WHO WE ARE
Postmates enables anyone to have just about anything on-demand. We pioneered the on-demand space and currently serve 80% of US households with a fleet of more than 350,000 Postmates and the largest network of merchants in the US. We're changing the landscape of commerce by making cities our warehouses, providing the delivery infrastructure, and connecting our customers to any product, anywhere, anytime. Postmates isn't just an app, it's a way of life and a part of pop culture. We are the O.G. of on-demand and we've given people a new superpower - the ability to Postmate anything from anywhere. We're building a movement to make Postmates a verb: Postmate it.
WHAT WE DO
Postmates relies heavily on our engineering team to realize this vision. Building a software platform that is reliable, scales, and stays agile under demanding product needs is a serious technical challenge. Postmates is a three-part balancing act connecting customers, merchants, and couriers in real-time. If any piece is out of whack, the whole system suffers. Working with the Postmates engineering team offers an opportunity with explosive growth, cutting-edge technology, a highly visible charter, and a cool user-focused product vision.
Postmates is looking for an Information Security Technical Program Manager focused on development planning, prioritization and measurement of Postmates Information Security Program and key performance indicators.
In this role, you will be responsible for working with various technical teams throughout the organization to enhance the existing program by implementing program plans, identifying key areas of risk exposure, developing plans to mitigate risks, documenting security enhancements for products and services and maintaining policies and procedures to support Postmates Information Security Management System.
* Manages the Information Security Program Plan, Roadmap and Prioritization.
* Functions as Scrum leader for the Information Security team.
* Identifies key areas of program improvement and risks.
* Prioritizes Security related Projects/Initiatives, Ensures project plans are documented, stakeholders are defined, budget and resources are allocated, objectives, milestones, success criteria and definition of done are identified and communicated.
* Evaluates/Prioritizes requests for allocation of Information Security staffing resources to other projects owned by external business units.
* Prioritizes and tracks Security Program KPI Metrics for the following:
* Security Awareness training completion
* Vulnerability & Risk Mitigation metrics for Platform & Corporate Infrastructure
* Security Assessments - New Product/Feature development
* Security Assessments - Third Party Vendor Risk Assessments
* Security Project Status
* Interacts with Postmates technology, and business stakeholders to understand risks critical to infrastructure, define potential business impact and establish corrective action plans.
* Prepares weekly reports for senior leadership on Information Security KPIs.
OUR PREFERRED QUALIFICATIONS
* Knowledge in NIST, PCI DSS, SOC 2 type security standards.
* Knowledge in Information Security industry best practices with hands-on experience developing and managing an Information Security Management System.
* Experience functioning as an Information Security Technical Program Manager, Information Security Technical Project Manager, Information Security Engineer or Information Security Analyst for at least 5 years.
* Deep technical knowledge of security concepts such as vulnerability risk assessments, privacy assessments, intrusion detection, incident response, security monitoring, security policy creation, enterprise security strategies, architectures and governance.
* Experience using Atlassian Jira for team workload assignment and prioritization through Scrum or Kanban project management.

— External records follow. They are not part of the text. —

lemma integrable_partial_mean:
  "integrable (cube I) \<phi> \<Longrightarrow> integrable (cube I) (partial_mean i \<phi>)"
  using cube_unif.integrable_fst[OF integrable_cube_update] unfolding partial_mean_def[abs_def] .

lemma integral_partial_mean:
  assumes "integrable (cube I) \<phi>"
  shows "(\<integral>x. partial_mean i \<phi> x \<partial>cube I) = (\<integral>x. \<phi> x \<partial>cube I)"
  using cube_unif.integral_fst[OF integrable_cube_update[OF assms]]
    integral_cube_update[OF borel_measurable_integrable[OF assms]]
  unfolding partial_mean_def by simp

lemma AE_square_partial_mean_le:
  assumes "L2_cube I \<phi>"
  shows "AE x in cube I. (partial_mean i \<phi> x)\<^sup>2 \<le> partial_mean i (\<lambda>y. (\<phi> y)\<^sup>2) x"
proof -
  have "integrable (cube I) (\<lambda>y. (\<phi> y)\<^sup>2)"
    using assms by (simp add: L2_cube_def)
  then have "AE x in cube I. integrable unit_unif (\<lambda>t. (\<phi> (x(i := t)))\<^sup>2)"
    by (rule AE_integrable_update_section)
  then show ?thesis
  proof (rule AE_mp, intro AE_I2 impI)
    fix x assume x: "x \<in> space (cube I)"
      and square_integrable: "integrable unit_unif (\<lambda>t. (\<phi> (x(i := t)))\<^sup>2)"
    have "(\<lambda>t. \<phi> (x(i := t))) \<in> borel_measurable unit_unif"
      using measurable_compose[OF measurable_cube_update_section[OF x]] assms
      unfolding L2_cube_def by blast
    then show "(partial_mean i \<phi> x)\<^sup>2 \<le> partial_mean i (\<lambda>y. (\<phi> y)\<^sup>2) x"
      using unit_unif.square_integral_le_integral_square[OF _ square_integrable]
      unfolding partial_mean_def by simp
  qed
qed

* Experience configuring, managing and providing support for GRC, ERM and SIEM tooling.
* Experience with developing compliance and security analytics/insights through BI/analytics tooling.
* Familiar with standard SQL or python scripting languages.
* Ability to work effectively while prioritizing and juggling competing priorities in a fast-paced work environment.
Postmates has your back. In our impact-first work environment, we value huge company vision. As you strive to build the future with us, we'll support you with a competitive salary and equity plan, along with access to our 401k plan and robust benefits including: health benefits, flexible paid time off, parental benefits, and food perks.